### [Problem statement]
Each line below from the one containing "(x - \<delta>))" through the one containing "using less by (intro" should be output exactly as it stands, and no other line should appear.
[Materials provided — start]
(* Let $r>5$ with $r\not\equiv 0\pmod 3$, and let $C_r$ be the directed cycle of length $r$. Then $3\leq\chi^*_o(C_r)\leq 4$.
   Context: The directed cycle $C_r$ has vertices $u_i$, $i\in\mathbb{Z}/r\mathbb{Z}$, and arcs $u_iu_{i+1}$. For a set $S$ of $k$ colors, a $b$-fold oriented $k$-coloring of an oriented graph $G$ is a map $f$ from $V(G)$ to the $b$-element subsets of $S$ such that (i) $f(x)\cap f(y)=\emptyset$ for every arc $xy$, and (ii) for all arcs $xy, zw$, $f(x)\cap f(w)\neq\emptyset$ implies $f(y)\cap f(z)=\emptyset$. $\chi^b_o(G)$ is the minimum such $k$, and $\chi^*_o(G)=\lim_{b\to\infty}\chi^b_o(G)/b=\inf_{b\ge1}\chi^b_o(G)/b$. *)

theory Defs
  imports Complex_Main
begin

definition b_fold_oriented_coloring ::
  "'a set \<Rightarrow> ('a \<times> 'a) set \<Rightarrow> nat \<Rightarrow> nat \<Rightarrow> ('a \<Rightarrow> nat set) \<Rightarrow> bool" where
  "b_fold_oriented_coloring V A b k f \<longleftrightarrow>
     (\<forall>x\<in>V. f x \<subseteq> {..<k} \<and> card (f x) = b) \<and>
     (\<forall>(x,y)\<in>A. f x \<inter> f y = {}) \<and>
     (\<forall>(x,y)\<in>A. \<forall>(z,w)\<in>A. f x \<inter> f w \<noteq> {} \<longrightarrow> f y \<inter> f z = {})"

definition chi_o_b :: "'a set \<Rightarrow> ('a \<times> 'a) set \<Rightarrow> nat \<Rightarrow> nat" where
  "chi_o_b V A b = (LEAST k. \<exists>f. b_fold_oriented_coloring V A b k f)"

definition chi_o_frac :: "'a set \<Rightarrow> ('a \<times> 'a) set \<Rightarrow> real" where
  "chi_o_frac V A = (INF b\<in>{1..}. real (chi_o_b V A b) / real b)"

definition cycle_vertices :: "nat \<Rightarrow> nat set" where
  "cycle_vertices r = {..<r}"

definition cycle_arcs :: "nat \<Rightarrow> (nat \<times> nat) set" where
  "cycle_arcs r = {(i, (i + 1) mod r) | i. i < r}"

end

theory Submission
  imports Defs
begin

(* Three consecutive vertices u0, u1, u2 of C_r receive pairwise disjoint colour sets: the two
   arcs separate u0 from u1 and u1 from u2, and if f(u0) met f(u2), condition (ii) for the arcs
   u0u1 and u1u2 would force f(u1) to be empty.  Hence every b-fold colouring uses at least 3b
   colours.  Conversely, every r >= 6 is of the form 3m + 4n, so C_r maps homomorphically onto
   the union of the directed cycles 0 -> 1 -> 2 -> 0 and 0 -> 1 -> 2 -> 3 -> 0 by winding m times
   around the first and n times around the second.  That union is an oriented graph on four
   vertices, so this is an oriented 4-colouring, and replacing every colour by a block of b fresh
   colours turns it into a b-fold 4b-colouring. *)

lemma chi_o_b_le:
  assumes "b_fold_oriented_coloring V A b k f"
  shows "chi_o_b V A b \<le> k"
  unfolding chi_o_b_def using assms by (blast intro: Least_le)

lemma chi_o_b_attained:
  assumes "b_fold_oriented_coloring V A b k f"
  shows "\<exists>g. b_fold_oriented_coloring V A b (chi_o_b V A b) g"
  unfolding chi_o_b_def by (rule LeastI_ex) (use assms in blast)

lemma chi_o_frac_le:
  assumes "1 \<le> b"
  shows "chi_o_frac V A \<le> real (chi_o_b V A b) / real b"
  unfolding chi_o_frac_def
  by (rule cINF_lower) (use assms in \<open>auto intro: bdd_belowI[of _ 0]\<close>)

lemma chi_o_frac_ge:
  assumes "\<And>b. 1 \<le> b \<Longrightarrow> l * real b \<le> real (chi_o_b V A b)"
  shows "l \<le> chi_o_frac V A"
  unfolding chi_o_frac_def
  by (rule cINF_greatest) (use assms in \<open>auto simp: field_simps\<close>)

definition colour_blow_up :: "nat \<Rightarrow> ('a \<Rightarrow> nat set) \<Rightarrow> 'a \<Rightarrow> nat set" where
  "colour_blow_up a f x = (\<Union>j\<in>f x. {a * j..<a * j + a})"

lemma mem_colour_block: "i \<in> {a * j..<a * j + a} \<longleftrightarrow> 0 < a \<and> i div a = (j::nat)"
  by (auto simp: div_nat_eqI add.commute dividend_less_times_div)

lemma mem_colour_blow_up: "i \<in> colour_blow_up a f x \<longleftrightarrow> 0 < a \<and> i div a \<in> f x"
  unfolding colour_blow_up_def UN_iff mem_colour_block by blast

lemma colour_blow_up_disjoint_iff:
  "colour_blow_up a f x \<inter> colour_blow_up a f y = {} \<longleftrightarrow> a = 0 \<or> f x \<inter> f y = {}"
proof -
  have "a * j \<in> colour_blow_up a f v" if "0 < a" "j \<in> f v" for j v
    using that by (simp add: mem_colour_blow_up)
  then show ?thesis unfolding disjoint_iff by (metis mem_colour_blow_up neq0_conv)
qed

lemma card_colour_blow_up:
  assumes "finite (f x)"
  shows "card (colour_blow_up a f x) = a * card (f x)"
proof -
  have "card (colour_blow_up a f x) = (\<Sum>j\<in>f x. card {a * j..<a * j + a})"
    unfolding colour_blow_up_def
    by (rule card_UN_disjoint) (use assms in \<open>auto simp only: disjoint_iff mem_colour_block\<close>)
  then show ?thesis by simp
qed

lemma colour_blow_up_subset:
  assumes "f x \<subseteq> {..<k}"
  shows "colour_blow_up a f x \<subseteq> {..<a * k}"
  using assms by (auto simp: mem_colour_blow_up div_less_iff_less_mult mult.commute)

lemma b_fold_oriented_coloring_blow_up:
  assumes "b_fold_oriented_coloring V A b k f"
  shows "b_fold_oriented_coloring V A (a * b) (a * k) (colour_blow_up a f)"
proof -
  have "colour_blow_up a f x \<subseteq> {..<a * k} \<and> card (colour_blow_up a f x) = a * b"
    if "x \<in> V" for x
  proof -
    have "f x \<subseteq> {..<k}" "card (f x) = b"
      using assms that unfolding b_fold_oriented_coloring_def by auto
    moreover from this have "finite (f x)" using finite_subset by blast
    ultimately show ?thesis by (simp add: colour_blow_up_subset card_colour_blow_up)
  qed
  then show ?thesis
    using assms unfolding b_fold_oriented_coloring_def colour_blow_up_disjoint_iff by blast
qed

lemma b_fold_oriented_coloring_of_hom:
  assumes "\<forall>x\<in>V. c x < k" and "\<forall>(x, y)\<in>A. (c x, c y) \<in> H" and "asym H"
  shows "b_fold_oriented_coloring V A 1 k (\<lambda>x. {c x})"
  using assms unfolding b_fold_oriented_coloring_def by (fastforce dest: asymD)

lemma b_fold_oriented_coloring_path:
  assumes f: "b_fold_oriented_coloring V A b k f" and "1 \<le> b"
    and arcs: "(x, y) \<in> A" "(y, z) \<in> A" and "x \<in> V" "y \<in> V" "z \<in> V"
  shows "3 * b \<le> k"
proof -
  have sub: "f v \<subseteq> {..<k}" and card: "card (f v) = b" if "v \<in> V" for v
    using f that unfolding b_fold_oriented_coloring_def by auto
  have fin: "finite (f v)" if "v \<in> V" for v
    using sub[OF that] finite_subset by blast
  have "f x \<inter> f y = {}" "f y \<inter> f z = {}"
    using f arcs unfolding b_fold_oriented_coloring_def by fast+
  moreover have "f x \<inter> f z = {}"
  proof -
    have "f y \<inter> f y \<noteq> {}" using card[OF \<open>y \<in> V\<close>] \<open>1 \<le> b\<close> by auto
    then show ?thesis using f arcs unfolding b_fold_oriented_coloring_def by fast
  qed
  ultimately have "card (f x \<union> f y \<union> f z) = 3 * b"
    using fin card \<open>x \<in> V\<close> \<open>y \<in> V\<close> \<open>z \<in> V\<close>
    by (simp add: card_Un_disjoint Int_Un_distrib2)
  moreover have "f x \<union> f y \<union> f z \<subseteq> {..<k}"
    using sub \<open>x \<in> V\<close> \<open>y \<in> V\<close> \<open>z \<in> V\<close> by auto
  ultimately show ?thesis by (metis card_lessThan card_mono finite_lessThan)
qed

definition cycles_3_4 :: "(nat \<times> nat) set" where
  "cycles_3_4 = {(0, 1), (1, 2), (2, 0), (2, 3), (3, 0)}"

lemma asym_cycles_3_4: "asym cycles_3_4"
  unfolding cycles_3_4_def by auto

lemma mod_3_arc_cycles_3_4: "(k mod 3, Suc k mod 3) \<in> cycles_3_4"
proof -
  have "k mod 3 = 0 \<or> k mod 3 = 1 \<or> k mod 3 = 2" by arith
  then show ?thesis unfolding cycles_3_4_def by (auto simp: mod_Suc)
qed

lemma mod_4_arc_cycles_3_4: "(k mod 4, Suc k mod 4) \<in> cycles_3_4"
proof -
  have "k mod 4 = 0 \<or> k mod 4 = 1 \<or> k mod 4 = 2 \<or> k mod 4 = 3" by arith
  then show ?thesis unfolding cycles_3_4_def by (auto simp: mod_Suc)
qed

lemma cycle_hom_cycles_3_4:
  assumes "r = 3 * m + 4 * n"
  shows "\<exists>c. (\<forall>i. c i < 4) \<and> (\<forall>(x, y)\<in>cycle_arcs r. (c x, c y) \<in> cycles_3_4)"
proof -
  define c where "c i = (if i < 3 * m then i mod 3 else (i - 3 * m) mod 4)" for i
  \<comment> \<open>The wrap-around arc into vertex 0 fits the same pattern, as 3 m and 4 n are 0 mod 3 and 4.\<close>
  have succ: "c ((i + 1) mod r) = (if i < 3 * m then Suc i mod 3 else (Suc i - 3 * m) mod 4)"
    if "i < r" for i
  proof (cases "Suc i < r")
    case True
    then show ?thesis unfolding c_def by (cases "Suc i = 3 * m") auto
  next
    case False
    then have "Suc i = r" using that by simp
    then show ?thesis using assms unfolding c_def by auto
  qed
  have "(c i, c ((i + 1) mod r)) \<in> cycles_3_4" if "i < r" for i
    using succ[OF that] mod_3_arc_cycles_3_4[of i] mod_4_arc_cycles_3_4[of "i - 3 * m"]
    unfolding c_def by (auto simp: Suc_diff_le)
  moreover have "c i < 4" for i unfolding c_def by auto
  ultimately show ?thesis unfolding cycle_arcs_def by blast
qed

lemma cycle_oriented_4_coloring:
  assumes "6 \<le> r"
  shows "\<exists>f. b_fold_oriented_coloring (cycle_vertices r) (cycle_arcs r) 1 4 f"
proof -
  have "\<exists>m n. r = 3 * m + 4 * n" using assms by presburger
  then obtain m n where "r = 3 * m + 4 * n" by blast
  then obtain c where "\<forall>i. c i < 4" "\<forall>(x, y)\<in>cycle_arcs r. (c x, c y) \<in> cycles_3_4"
    using cycle_hom_cycles_3_4 by blast
  then have "b_fold_oriented_coloring (cycle_vertices r) (cycle_arcs r) 1 4 (\<lambda>x. {c x})"
    by (intro b_fold_oriented_coloring_of_hom[OF _ _ asym_cycles_3_4]) auto
  then show ?thesis by blast
qed

theorem lemma1:
  fixes r :: nat
  assumes "r > 5" and "\<not> (3 dvd r)"
  shows "3 \<le> chi_o_frac (cycle_vertices r) (cycle_arcs r) \<and>
         chi_o_frac (cycle_vertices r) (cycle_arcs r) \<le> 4"
proof -
  let ?V = "cycle_vertices r" and ?A = "cycle_arcs r"
  obtain f where f: "b_fold_oriented_coloring ?V ?A 1 4 f"
    using cycle_oriented_4_coloring assms(1) by fastforce
  have "3 * real b \<le> real (chi_o_b ?V ?A b)" if "1 \<le> b" for b
  proof -
    obtain g where g: "b_fold_oriented_coloring ?V ?A b (chi_o_b ?V ?A b) g"
      using chi_o_b_attained b_fold_oriented_coloring_blow_up[OF f, of b] by fastforce
    have "(0, 1) \<in> ?A" "(1, 2) \<in> ?A" "{0, 1, 2} \<subseteq> ?V"
      using assms(1) unfolding cycle_arcs_def cycle_vertices_def by force+
    then have "3 * b \<le> chi_o_b ?V ?A b"
      using b_fold_oriented_coloring_path[OF g that] by simp
    then show ?thesis by (metis of_nat_le_iff of_nat_mult of_nat_numeral)
  qed
  then have "3 \<le> chi_o_frac ?V ?A" by (rule chi_o_frac_ge)
  moreover have "chi_o_frac ?V ?A \<le> 4"
    using chi_o_frac_le[of 1 ?V ?A] chi_o_b_le[OF f] by simp
  ultimately show ?thesis by simp
qed

end
lemma beckmann_decreasing_shift:
  assumes adm: "admissible_costs R c" and ff: "feasible_flow S \<mu> f" and h: "h < length S"
    and r: "{r} \<in> S ! h" and r': "{r'} \<in> S ! h" and pos: "f h {r} > 0"
    and less: "c r' (load S f r') < c r (load S f r)"
  shows "\<exists>f'. feasible_flow S \<mu> f' \<and> beckmann c R S f' < beckmann c R S f"
proof -
  define x where "x = load S f r"
  define x' where "x' = load S f r'"
  have "r \<noteq> r'"
    using less by auto
  have R: "r \<in> R" "r' \<in> R"
    using strategy_subset[OF h r] strategy_subset[OF h r'] by auto
  have cont: "continuous_on {0..} (c q)" if "q \<in> R" for q
    using adm that by (simp add: admissible_costs_def)
  have "f h {r} \<le> x"
    using flow_le_load[OF ff h r] by (simp add: x_def)
  have small: "eventually (\<lambda>\<delta>. 0 < \<delta> \<and> \<delta> \<le> f h {r}) (at_right 0)"
    using pos by (intro eventually_at_rightI[of 0 "f h {r}"]) auto
  have "((\<lambda>\<delta>. c r' (x' + \<delta>) - c r (x - \<delta>)) \<longlongrightarrow> c r' (x' + 0) - c r (x - 0)) (at_right 0)"
  proof (intro tendsto_diff continuous_on_tendsto_compose[OF cont] tendsto_intros R)
    show "eventually (\<lambda>\<delta>. x' + \<delta> \<in> {0..}) (at_right 0)"
      using eventually_at_right_less[of "0::real"]
      by (rule eventually_mono) (use load_nonneg[OF ff] in \<open>simp add: x'_def\<close>)
    show "eventually (\<lambda>\<delta>. x - \<delta> \<in> {0..}) (at_right 0)"
      using small by (rule eventually_mono) (use \<open>f h {r} \<le> x\<close> in simp)
  qed (use \<open>f h {r} \<le> x\<close> pos load_nonneg[OF ff] in \<open>auto simp: x'_def\<close>)
  then have "eventually (\<lambda>\<delta>. c r' (x' + \<delta>) - c r (x - \<delta>) < 0) (at_right 0)"
    using less by (intro order_tendstoD) (auto simp: x_def x'_def)
  with small obtain \<delta> where \<delta>: "0 < \<delta>" "\<delta> \<le> f h {r}" "c r' (x' + \<delta>) - c r (x - \<delta>) < 0"
    using eventually_happens'[OF trivial_limit_at_right_real] eventually_conj by blast
  have "beckmann c R S (shift_flow f h {r} {r'} \<delta>) - beckmann c R S f < 0"
    using beckmann_shift_singleton[OF adm ff h r r' \<open>r \<noteq> r'\<close>, of \<delta>] \<delta> mult_pos_neg[OF \<delta>(1) \<delta>(3)]
    by (simp add: x_def x'_def)
  moreover have "feasible_flow S \<mu> (shift_flow f h {r} {r'} \<delta>)"
    using \<delta> \<open>r \<noteq> r'\<close> by (intro feasible_shift_flow[OF ff h r r']) auto
  ultimately show ?thesis
    by force
qed
(* Let $\mathcal{C}=\mathcal{I}_i$ be an irreducible $\lambda$-constacyclic code of length $n$ and dimension $k$ over $\mathbb{F}_q$ corresponding to the $q$-cyclotomic coset $C_{1+t\alpha_i}$ (so $k=d_i$). Then $$N_{\langle\rho,M\rangle}(\mathcal{C}^{*})=\frac{(q^k-1)\gcd\big((q-1)(1+t\alpha_i),\,tn\big)}{(q-1)tn}.$$ Moreover, the number of distinct nonzero Hamming weights of $\mathcal{C}$ is at most $N_{\langle\rho,M\rangle}(\mathcal{C}^{*})$, with equality if and only if for any two nonzero codewords $c_1,c_2\in\mathcal{C}$ of the same Hamming weight there exist an integer $j$ and $b\in\mathbb{F}_q^{*}$ with $\rho^{j}(bc_1)=c_2$.
   Context: Standing setup: $q$ is a prime power, $n$ a positive integer with $\gcd(n,q)=1$, $\lambda\in\mathbb{F}_q^{*}$ has multiplicative order $t$ (so $t\mid q-1$). $\mathcal{R}=\mathbb{F}_q[x]/\langle x^n-\lambda\rangle$; vectors in $\mathbb{F}_q^n$ are identified with polynomials of degree $<n$, and a $\lambda$-constacyclic code of length $n$ is an ideal of $\mathcal{R}$. Let $\zeta$ be a primitive $tn$-th root of unity in an extension $\mathbb{F}_{q^m}$ with $\zeta^n=\lambda$. The set $\mathcal{S}=\{1+ti:0\le i\le n-1\}$ (residues mod $tn$) is partitioned into the distinct $q$-cyclotomic cosets modulo $tn$, $C_{1+t\alpha_j}=\{(1+t\alpha_j)q^{h}\bmod tn: h\ge 0\}$, $j=0,\dots,s$, with $0=\alpha_0<\dots<\alpha_s\le n-1$ and $d_j=|C_{1+t\alpha_j}|$. Let $m_j(x)=\prod_{h\in C_{1+t\alpha_j}}(x-\zeta^{h})$, and let $\mathcal{I}_j$ be the ideal of $\mathcal{R}$ generated by $(x^n-\lambda)/m_j(x)$ (the irreducible $\lambda$-constacyclic code of dimension $d_j$ corresponding to $C_{1+t\alpha_j}$). The cyclic shift $\rho$ is $\rho(c(x))=xc(x)$ in $\mathcal{R}$, i.e. $(c_0,\dots,c_{n-1})\mapsto(\lambda c_{n-1},c_0,\dots,c_{n-2})$; $\langle\rho\rangle$ has order $tn$. For $b\in\mathbb{F}_q^{*}$, $\sigma_b(c)=bc$ (scalar multiplication), $M=\{\sigma_b:b\in\mathbb{F}_q^{*}\}$, and $\langle\rho,M\rangle$ is the group of $\mathbb{F}_q$-linear maps generated by $\rho$ and $M$ (it equals $\langle\rho\rangle\times M$, of order $tn(q-1)$). $\mathcal{C}^{*}=\mathcal{C}\setminus\{0\}$, and $N_G(X)$ is the number of orbits of a group $G$ acting on $X$. *)

theory Defs
  imports "HOL-Computational_Algebra.Polynomial"
begin

text \<open>Codewords of length n are identified with polynomials of degree < n.
  The ring R = F_q[x]/(x^n - lambda) is represented by remainders modulo x^n - lambda.\<close>

definition xn_minus :: "nat \<Rightarrow> 'a::field \<Rightarrow> 'a poly" where
  "xn_minus n lam = monom 1 n - [:lam:]"

definition cshift :: "nat \<Rightarrow> 'a::field \<Rightarrow> 'a poly \<Rightarrow> 'a poly" where
  "cshift n lam c = (monom 1 1 * c) mod xn_minus n lam"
[Materials provided — finish]
### [Result of the exercise]
  have "((\<lambda>\<delta>. c r' (x' + \<delta>) - c r (x - \<delta>)) \<longlongrightarrow> c r' (x' + 0) - c r (x - 0)) (at_right 0)"
  proof (intro tendsto_diff continuous_on_tendsto_compose[OF cont] tendsto_intros R)
    show "eventually (\<lambda>\<delta>. x' + \<delta> \<in> {0..}) (at_right 0)"
      using eventually_at_right_less[of "0::real"]
      by (rule eventually_mono) (use load_nonneg[OF ff] in \<open>simp add: x'_def\<close>)
    show "eventually (\<lambda>\<delta>. x - \<delta> \<in> {0..}) (at_right 0)"
      using small by (rule eventually_mono) (use \<open>f h {r} \<le> x\<close> in simp)
  qed (use \<open>f h {r} \<le> x\<close> pos load_nonneg[OF ff] in \<open>auto simp: x'_def\<close>)
  then have "eventually (\<lambda>\<delta>. c r' (x' + \<delta>) - c r (x - \<delta>) < 0) (at_right 0)"
    using less by (intro order_tendstoD) (auto simp: x_def x'_def)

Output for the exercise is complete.